Currently, Pen Chalet offers all of these inks except Empire Red. So that would be a good place to start if these colors intrigue you.


Big, Bad Nibs – One Year On


Sometimes it is useful to compare what works now to what worked in the past. An image of my wide nibs from a year ago turned up quite by accident and I realized how few of these pens were currently inked. Does that mean the others have fallen out of favor or they just aren’t good enough to remain in use?

The truth is that I’m fickle. Plus I’ve come to appreciate the reduced maintenance that attends a smaller rotation.

Consequently, only the TWSBI 580 1.1 stub, the Platinum #3776 Music Nib, and the Platinum Nice Pur Broad remain active. It’s an interesting group because both the nibs and pen sizes are varied. All to the good for writing and comfort.

But do these pens have the same tastes in ink? The TWSBI has been filled with Diamine Violet all year. The Platinum music nib is more likely to switch partners, but is especially suited to Diamine Sepia. The Nice Pur takes all inks well, though Platinum Pigment Rose Red might top its list with Noodler’s Black Swan in English Roses coming in a close second. Glad to see the pens getting along so well with some of my favorite inks.

Now that I look at it, my rotation has only two recently acquired pens, a Pilot Kakuno M with Diamine Mediterranean and a Pilot Metropolitan M with Pilot BBk. The lone older model is a 1970’s Pilot Elite Pocket Pen loaded with Noodler’s Black, the little black dress in my ink wardrobe.

A six pen rotation is all I need for personal use and it provides enough variety to make writing colorful and entertaining.

If something in my rotation appeals to you, check out the links below. The Platinum music nib at the link is the newer Century model since my smaller #3776 has become difficult to find.

The Pilot Elite ‘Isaac Newton’ can be found from time to time on eBay for roughly $100 to $150. One word of warning. Some of the Elites can have brittle plastic sections and crack easily just by inserting a converter. Otherwise, it’s a good model if you like the pocket pen form.


Pilot Metropolitan Fountain Pen


A summer project provided the opportunity to test an inexpensive, reliable, sturdy fountain pen with a medium nib. The Pilot MR Metropolitan seemed a good fit for the purpose. So I popped one into an Amazon order along with dog biscuits and vitamins. Macy was very excited when she first sniffed the package. “Mom, this one’s for me!” She was not impressed by the dark gray pen box, but was tail-wagging happy about the food.

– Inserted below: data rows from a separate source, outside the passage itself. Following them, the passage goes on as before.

lemma op_norm_sigma_diff_le_approx:
  assumes "bounded_op a" "bounded_op b"
  shows "op_norm (op_diff (sigma h t a) (sigma h t0 a))
    \<le> 2 * op_norm (op_diff a b) + op_norm (op_diff (sigma h t b) (sigma h t0 b))"
proof -
  have bounded: "bounded_op (sigma h s a)" "bounded_op (sigma h s b)" for s
    using assms by (simp_all add: bounded_op_sigma)
  have approx: "op_norm (op_diff (sigma h s a) (sigma h s b)) \<le> op_norm (op_diff a b)" for s
    using op_norm_sigma_le[OF bounded_op_op_diff[OF assms], of h s] by (simp add: op_diff_sigma)
  have "op_norm (op_diff (sigma h t a) (sigma h t0 a))
      \<le> op_norm (op_diff (sigma h t a) (sigma h t b)) + op_norm (op_diff (sigma h t b) (sigma h t0 a))"
    using bounded by (intro op_norm_diff_triangle)
  also have "\<dots> \<le> op_norm (op_diff (sigma h t a) (sigma h t b))
      + (op_norm (op_diff (sigma h t b) (sigma h t0 b)) + op_norm (op_diff (sigma h t0 b) (sigma h t0 a)))"
    using bounded by (intro add_left_mono op_norm_diff_triangle)
  finally show ?thesis
    using approx[of t] approx[of t0] op_norm_diff_commute[of "sigma h t0 b" "sigma h t0 a"] by linarith
qed

theorem proposition2p1:
  fixes h :: "'a::metric_space \<Rightarrow> real"
  assumes "ulf TYPE('a)"
    and "coarse_fun h"
    and "a \<in> uniform_roe"
  shows "(\<forall>t. sigma h t a \<in> uniform_roe) \<and>
         (\<forall>t0. \<forall>\<epsilon>>0. \<exists>\<delta>>0. \<forall>t. \<bar>t - t0\<bar> < \<delta> \<longrightarrow>
             op_norm (op_diff (sigma h t a) (sigma h t0 a)) < \<epsilon>)"
proof (intro conjI allI impI)
  show "sigma h t a \<in> uniform_roe" for t
    using sigma_uniform_roe[OF assms(3)] .
  fix t0 \<epsilon> :: real assume "\<epsilon> > 0"
  then have "\<epsilon> / 3 > 0"
    by simp
  then obtain b where b: "bounded_op b" "finite_propagation b" "op_norm (op_diff a b) < \<epsilon> / 3"
    using assms(3) unfolding uniform_roe_def by blast
  obtain K where K: "K \<ge> 0" "\<And>t t0. op_norm (op_diff (sigma h t b) (sigma h t0 b)) \<le> K * \<bar>t - t0\<bar>"
    using op_norm_sigma_diff_le_finite_propagation[OF assms(1,2) b(1,2)] by blast
  define \<delta> where "\<delta> = \<epsilon> / (3 * (K + 1))"
  have "op_norm (op_diff (sigma h t a) (sigma h t0 a)) < \<epsilon>" if "\<bar>t - t0\<bar> < \<delta>" for t
  proof -
    have "K * \<bar>t - t0\<bar> \<le> (K + 1) * \<bar>t - t0\<bar>"
      by (simp add: mult_right_mono)
    also have "\<dots> < (K + 1) * \<delta>"
      using that K(1) by (intro mult_strict_left_mono) auto
    also have "\<dots> = \<epsilon> / 3"
      using K(1) by (simp add: \<delta>_def field_simps)
    finally show ?thesis
      using op_norm_sigma_diff_le_approx[OF _ b(1), of a h t t0] assms(3) b(3) K(2)[of t t0]
      by (simp add: uniform_roe_def)
  qed
  moreover have "\<delta> > 0"
    using \<open>\<epsilon> > 0\<close> K(1) by (simp add: \<delta>_def)
  ultimately show "\<exists>\<delta>>0. \<forall>t. \<bar>t - t0\<bar> < \<delta> \<longrightarrow> op_norm (op_diff (sigma h t a) (sigma h t0 a)) < \<epsilon>"
    by blast
qed

end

Here is how the Metro stacks up.

For a metal pen, the Metro is surprisingly light-weight. Even writing with the cap on the end, the weight remains within my range if a trifle overbalanced. The brass barrel should take plenty of everyday knocks and abuse. This is a sleek baby that feels quite comfortable in the hand.

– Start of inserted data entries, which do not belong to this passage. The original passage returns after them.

(* Let $a, b$ be positive integers with $b > 2a$, and let $T_{a,b} = \{C_{i,1} : 1 \le i \le 2a+1\} \cup \{C_{a+1,j} : 2 \le j \le b+1\}$, of size $n = 2a+b+1$. Then on the $n \times n$ board, $$\mathrm{cp}_{\mathrm{fixed}}(T_{a,b}) = \left\lceil \frac{b+1}{2a+1} \right\rceil.$$
   Context: For integers $i,j$, $C_{i,j}$ denotes the unit square cell in column $i$ and row $j$ of the integer grid (columns numbered left to right, rows numbered top to bottom). A polyomino is a finite set of cells; its size is its number of cells. For a polyomino $\mathcal{P}$ of size $n$ the board is $\mathbb{B} = \{C_{i,j} : 1 \le i,j \le n\}$. The shift of $\mathcal{P}$ by integers $(c,d)$ is $\mathcal{P}+(c,d) = \{C_{x+c,y+d} : C_{x,y} \in \mathcal{P}\}$; a fixed copy of $\mathcal{P}$ is any shift of $\mathcal{P}$ (no rotations). A set of polyominoes is a valid arrangement if each is contained in $\mathbb{B}$ and they are pairwise disjoint. A fixed packing of $\mathcal{P}$ is a set of fixed copies of $\mathcal{P}$ forming a valid arrangement such that adding any further fixed copy of $\mathcal{P}$ yields an invalid arrangement. The clumsy fixed packing number $\mathrm{cp}_{\mathrm{fixed}}(\mathcal{P})$ is the minimum number of polyominoes in a fixed packing of $\mathcal{P}$ on the $n \times n$ board. *)

theory Defs
  imports Complex_Main
begin

text \<open>A cell C_{i,j} is the pair (i,j) of integers: column i, row j.
  A polyomino is a finite set of cells.\<close>
type_synonym cell = "int \<times> int"

definition board :: "nat \<Rightarrow> cell set" where
  "board n = {1..int n} \<times> {1..int n}"

definition shift :: "cell set \<Rightarrow> int \<Rightarrow> int \<Rightarrow> cell set" where
  "shift P c d = (\<lambda>(x, y). (x + c, y + d)) ` P"

definition fixed_copy :: "cell set \<Rightarrow> cell set \<Rightarrow> bool" where
  "fixed_copy P Q \<longleftrightarrow> (\<exists>c d. Q = shift P c d)"

definition valid_arrangement :: "nat \<Rightarrow> cell set set \<Rightarrow> bool" where
  "valid_arrangement n S \<longleftrightarrow>
     (\<forall>Q\<in>S. Q \<subseteq> board n) \<and> (\<forall>Q\<in>S. \<forall>R\<in>S. Q \<noteq> R \<longrightarrow> Q \<inter> R = {})"

definition fixed_packing :: "nat \<Rightarrow> cell set \<Rightarrow> cell set set \<Rightarrow> bool" where
  "fixed_packing n P S \<longleftrightarrow>
     (\<forall>Q\<in>S. fixed_copy P Q) \<and> valid_arrangement n S \<and>
     (\<forall>Q. fixed_copy P Q \<and> Q \<notin> S \<longrightarrow> \<not> valid_arrangement n (insert Q S))"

The Metro writes every time without hesitation which is impressive considering my inconsistent use of it. The snap on cap seals solidly which may prevent or at least reduce ink evaporation. That may account for the easy starts. It also means jostling won’t loosen the cap, perfect for an everyday carry pen.

Unlike most fountain pens, the Metro allowed me to pause in thought for an unusually long time without concern for ink drying in the nib. Not something everyone needs, but it is helpful for a pensive mood. I really wanted to write longer just to experience the satisfaction of putting down words so easily.

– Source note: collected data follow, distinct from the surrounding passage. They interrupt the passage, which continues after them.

lemma sum_cprv_reindex: "(\<Sum>k<n. f (cprv n k)) = (\<Sum>k<n. f k)"
  by (rule sum.reindex_bij_witness[where i = "cnxt n" and j = "cprv n"])
    (auto simp: cnxt_cprv cprv_cnxt cnxt_less cprv_less)

lemma vertex_on_lines:
  assumes "sin (alpha (cnxt n k) - alpha k) \<noteq> 0"
  shows "on_line (alpha k) (p k) (vertex n alpha p k)
    \<and> on_line (alpha (cnxt n k)) (p (cnxt n k)) (vertex n alpha p k)"
  unfolding vertex_def by (rule theI'[OF ex1_on_lines[OF assms]])

lemma dotp_tng_vertex:
  assumes "sin (alpha (cnxt n k) - alpha k) \<noteq> 0"
  shows "dotp (tng (alpha k)) (vertex n alpha p k) =
    (p (cnxt n k) - p k * cos (alpha (cnxt n k) - alpha k)) / sin (alpha (cnxt n k) - alpha k)"
  using vertex_on_lines[OF assms] unfolding on_lines_iff[OF assms] by simp

lemma dotp_tng_cnxt_vertex:
  assumes "sin (alpha (cnxt n k) - alpha k) \<noteq> 0"
  shows "dotp (tng (alpha (cnxt n k))) (vertex n alpha p k) =
    (p (cnxt n k) * cos (alpha (cnxt n k) - alpha k) - p k) / sin (alpha (cnxt n k) - alpha k)"
proof -
  have "sin (alpha k - alpha (cnxt n k)) = - sin (alpha (cnxt n k) - alpha k)"
    "cos (alpha k - alpha (cnxt n k)) = cos (alpha (cnxt n k) - alpha k)"
    by (simp_all add: sin_diff cos_diff)
  with vertex_on_lines[OF assms]
    on_lines_iff[of "alpha k" "alpha (cnxt n k)" "p (cnxt n k)" "vertex n alpha p k" "p k"] assms
  show ?thesis by (auto simp: field_simps)
qed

Initially filled with Pilot Blue-Black, the pen and ink are perfectly suited. The color may be rather ordinary, but the flow and lubrication are just right for the stainless steel nib. It glides without a hint of drag. Staples Arc notebook paper completed a pen, ink, paper threesome that is a pleasure to use.

The Metropolitan comes in several styles and an array of colors. The neutral silver with a zig zag pattern was a practical choice. Maybe next time, a colorful Retro Pop will land in my cart, but for now, the matte silver will have to work extra hard trying lots of different inks especially Iroshizuku, Noodler’s, and Sailor. All should write at least as well as Pilot BBk. Iroshizuku ku-jaku is angling for a spin in the Metro and that is a writing duo that will be hard to resist.

Several retailers carry the Pilot MR Metropolitan. Mine came from Amazon, but even Massdrop has offered it. This is one pen that shouldn’t be hard to find. Current prices range from approximately $12 to $15 including a CON-20 squeeze converter and a single Pilot cartridge. Converters can cost $5 purchased separately, so including one with the pen makes this a very good deal.

With a Pilot MR Metropolitan in my bag, I am prepared for anything including a rough-writing newbie who wants to see what it’s like to use a fountain pen. What a great way to make a convert!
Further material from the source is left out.